lemma lie_subalg_dim2_cases:
  assumes L: "lie_subalg l V" and D: "dim V = 2"
  obtains "V = span {(1, 0, 0), (0, 1, 0)}"
    | a where "V = span {(0, a, 1), (1, 0, 0)}"
proof -
  have S: "subspace V"
    using L by (simp add: lie_subalg_iff)
  show thesis
  proof (cases "\<forall>p\<in>V. snd (snd p) = 0")
    case True
    then have "V \<subseteq> span {(1, 0, 0), (0, 1, 0)}"
      by (auto simp: span_E1_E2)
    then have "V = span {(1, 0, 0), (0, 1, 0)}"
      by (rule subspace_dim_equal[OF S subspace_span]) (use dim_span_E1_E2 in \<open>simp add: D\<close>)
    then show thesis
      by (rule that(1))
  next
    case False
    then obtain p where p: "p \<in> V" "snd (snd p) \<noteq> 0"
      by blast
    obtain x0 b where "(1 / snd (snd p)) *\<^sub>R p = (x0, b, 1)"
      using p(2) by (cases p) auto
    then have v: "(x0, b, 1) \<in> V"
      using subspace_scale[OF S p(1)] by metis
    have "linear (\<lambda>p :: pt. snd (snd p))"
      by (simp add: linear_iff)
    then obtain w where "w \<in> V" "w \<noteq> 0" "snd (snd w) = 0"
      by (rule exists_nonzero_in_kernel[OF S]) (simp_all add: D)
    then have E1: "(1, 0, 0) \<in> V"
      by (rule E1_in_lie_subalg[OF L v])
    have "(x0, b, 1) - x0 *\<^sub>R (1, 0, 0) \<in> V"
      by (intro subspace_diff subspace_scale S v E1)
    with E1 have "span {(0, b, 1), (1, 0, 0)} \<subseteq> V"
      by (intro span_minimal S) auto
    then have "span {(0, b, 1), (1, 0, 0)} = V"
      by (rule subspace_dim_equal[OF subspace_span S])
        (use dim_span_E3aE2_E1[of b] in \<open>simp add: D\<close>)
    then show thesis
      by (rule that(2)[OF sym])
  qed
qed

lemma smul_coords:
  "fst (smul l p q) = fst p + exp (l * snd (snd p)) * (fst q + snd (snd p) * fst (snd q))"
  "fst (snd (smul l p q)) = fst (snd p) + exp (l * snd (snd p)) * fst (snd q)"
  "snd (snd (smul l p q)) = snd (snd p) + snd (snd q)"
  by (cases p; cases q; simp add: smul_def algebra_simps)+

lemma one_param_coord_derivs:
  assumes "one_param l g v"
  shows "((\<lambda>t. fst (snd (g t))) has_real_derivative fst (snd v)) (at 0)"
    and "((\<lambda>t. snd (snd (g t))) has_real_derivative snd (snd v)) (at 0)"
  using assms unfolding one_param_def has_real_derivative_iff_has_vector_derivative
  by (auto intro!: bounded_linear.has_vector_derivative[OF bounded_linear_fst]
      bounded_linear.has_vector_derivative[OF bounded_linear_snd])

lemma one_param_z:
  assumes "one_param l g v"
  shows "snd (snd (g t)) = snd (snd v) * t"
proof -
  have "snd (snd (g t)) = snd (snd v) * exp_primitive 0 t"
  proof (rule cocycle_eq_exp_primitive[where f = "\<lambda>t. snd (snd (g t))"])
    show "snd (snd (g (s + t))) = snd (snd (g s)) + exp (0 * s) * snd (snd (g t))" for s t
      using assms by (simp add: one_param_def smul_coords)
  qed (rule one_param_coord_derivs(2)[OF assms])
  then show ?thesis
    by (simp add: exp_primitive_def)
qed

lemma one_param_y:
  assumes "one_param l g v"
  shows "fst (snd (g t)) = fst (snd v) * exp_primitive (l * snd (snd v)) t"
proof (rule cocycle_eq_exp_primitive[where f = "\<lambda>t. fst (snd (g t))"])
  show "fst (snd (g (s + t))) = fst (snd (g s)) + exp (l * snd (snd v) * s) * fst (snd (g t))"
    for s t
    using assms one_param_z[OF assms, of s] by (simp add: one_param_def smul_coords mult.assoc)
qed (rule one_param_coord_derivs(1)[OF assms])

lemma one_param_horizontal: "snd (snd v) = 0 \<Longrightarrow> one_param l (\<lambda>t. t *\<^sub>R v) v"
  unfolding one_param_def
  by (cases v) (auto simp: smul_def algebra_simps intro!: derivative_eq_intros)

definition J_curve :: "real \<Rightarrow> real \<Rightarrow> real \<Rightarrow> pt" where
  "J_curve l a t = (a * t_exp_primitive l t, a * exp_primitive l t, t)"

lemma one_param_J_curve: "one_param l (J_curve l a) (0, a, 1)"
  unfolding one_param_def
proof (intro conjI allI)
  show "J_curve l a (s + t) = smul l (J_curve l a s) (J_curve l a t)" for s t
    by (simp add: J_curve_def smul_def t_exp_primitive_add exp_primitive_add algebra_simps)
  show "(J_curve l a has_vector_derivative (0, a, 1)) (at 0)"
    unfolding J_curve_def
    by (auto intro!: has_vector_derivative_Pair derivative_eq_intros
        has_real_derivative_exp_primitive has_real_derivative_t_exp_primitive
        simp: has_real_derivative_iff_has_vector_derivative[symmetric])
qed

lemma gen_subgroup_least: "ssubgroup l H \<Longrightarrow> S \<subseteq> H \<Longrightarrow> gen_subgroup l S \<subseteq> H"
  unfolding gen_subgroup_def by blast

--*--

● **WORK TO BE COMPLETED**: All of the data above should be set down word for word.

● **YOUR SOLUTION**:
lemma lie_subalg_dim2_cases:
  assumes L: "lie_subalg l V" and D: "dim V = 2"
  obtains "V = span {(1, 0, 0), (0, 1, 0)}"
    | a where "V = span {(0, a, 1), (1, 0, 0)}"
proof -
  have S: "subspace V"
    using L by (simp add: lie_subalg_iff)
  show thesis
  proof (cases "\<forall>p\<in>V. snd (snd p) = 0")
    case True
    then have "V \<subseteq> span {(1, 0, 0), (0, 1, 0)}"
      by (auto simp: span_E1_E2)
    then have "V = span {(1, 0, 0), (0, 1, 0)}"
      by (rule subspace_dim_equal[OF S subspace_span]) (use dim_span_E1_E2 in \<open>simp add: D\<close>)
    then show thesis
      by (rule that(1))
  next
    case False
    then obtain p where p: "p \<in> V" "snd (snd p) \<noteq> 0"
      by blast
    obtain x0 b where "(1 / snd (snd p)) *\<^sub>R p = (x0, b, 1)"
      using p(2) by (cases p) auto
    then have v: "(x0, b, 1) \<in> V"
      using subspace_scale[OF S p(1)] by metis
    have "linear (\<lambda>p :: pt. snd (snd p))"
      by (simp add: linear_iff)
    then obtain w where "w \<in> V" "w \<noteq> 0" "snd (snd w) = 0"
      by (rule exists_nonzero_in_kernel[OF S]) (simp_all add: D)
    then have E1: "(1, 0, 0) \<in> V"
      by (rule E1_in_lie_subalg[OF L v])
    have "(x0, b, 1) - x0 *\<^sub>R (1, 0, 0) \<in> V"
      by (intro subspace_diff subspace_scale S v E1)
    with E1 have "span {(0, b, 1), (1, 0, 0)} \<subseteq> V"
      by (intro span_minimal S) auto
    then have "span {(0, b, 1), (1, 0, 0)} = V"
      by (rule subspace_dim_equal[OF subspace_span S])
        (use dim_span_E3aE2_E1[of b] in \<open>simp add: D\<close>)
    then show thesis
      by (rule that(2)[OF sym])
  qed
qed

lemma smul_coords:
  "fst (smul l p q) = fst p + exp (l * snd (snd p)) * (fst q + snd (snd p) * fst (snd q))"
  "fst (snd (smul l p q)) = fst (snd p) + exp (l * snd (snd p)) * fst (snd q)"
  "snd (snd (smul l p q)) = snd (snd p) + snd (snd q)"
  by (cases p; cases q; simp add: smul_def algebra_simps)+

lemma one_param_coord_derivs:
  assumes "one_param l g v"
  shows "((\<lambda>t. fst (snd (g t))) has_real_derivative fst (snd v)) (at 0)"
    and "((\<lambda>t. snd (snd (g t))) has_real_derivative snd (snd v)) (at 0)"
  using assms unfolding one_param_def has_real_derivative_iff_has_vector_derivative
  by (auto intro!: bounded_linear.has_vector_derivative[OF bounded_linear_fst]
      bounded_linear.has_vector_derivative[OF bounded_linear_snd])

lemma one_param_z:
  assumes "one_param l g v"
  shows "snd (snd (g t)) = snd (snd v) * t"
proof -
  have "snd (snd (g t)) = snd (snd v) * exp_primitive 0 t"
  proof (rule cocycle_eq_exp_primitive[where f = "\<lambda>t. snd (snd (g t))"])
    show "snd (snd (g (s + t))) = snd (snd (g s)) + exp (0 * s) * snd (snd (g t))" for s t
      using assms by (simp add: one_param_def smul_coords)
  qed (rule one_param_coord_derivs(2)[OF assms])
  then show ?thesis
    by (simp add: exp_primitive_def)
qed

lemma one_param_y:
  assumes "one_param l g v"
  shows "fst (snd (g t)) = fst (snd v) * exp_primitive (l * snd (snd v)) t"
proof (rule cocycle_eq_exp_primitive[where f = "\<lambda>t. fst (snd (g t))"])
  show "fst (snd (g (s + t))) = fst (snd (g s)) + exp (l * snd (snd v) * s) * fst (snd (g t))"
    for s t
    using assms one_param_z[OF assms, of s] by (simp add: one_param_def smul_coords mult.assoc)
qed (rule one_param_coord_derivs(1)[OF assms])

lemma one_param_horizontal: "snd (snd v) = 0 \<Longrightarrow> one_param l (\<lambda>t. t *\<^sub>R v) v"
  unfolding one_param_def
  by (cases v) (auto simp: smul_def algebra_simps intro!: derivative_eq_intros)

definition J_curve :: "real \<Rightarrow> real \<Rightarrow> real \<Rightarrow> pt" where
  "J_curve l a t = (a * t_exp_primitive l t, a * exp_primitive l t, t)"

lemma one_param_J_curve: "one_param l (J_curve l a) (0, a, 1)"
  unfolding one_param_def
proof (intro conjI allI)
  show "J_curve l a (s + t) = smul l (J_curve l a s) (J_curve l a t)" for s t
    by (simp add: J_curve_def smul_def t_exp_primitive_add exp_primitive_add algebra_simps)
  show "(J_curve l a has_vector_derivative (0, a, 1)) (at 0)"
    unfolding J_curve_def
    by (auto intro!: has_vector_derivative_Pair derivative_eq_intros
        has_real_derivative_exp_primitive has_real_derivative_t_exp_primitive
        simp: has_real_derivative_iff_has_vector_derivative[symmetric])
qed

lemma gen_subgroup_least: "ssubgroup l H \<Longrightarrow> S \<subseteq> H \<Longrightarrow> gen_subgroup l S \<subseteq> H"
  unfolding gen_subgroup_def by blast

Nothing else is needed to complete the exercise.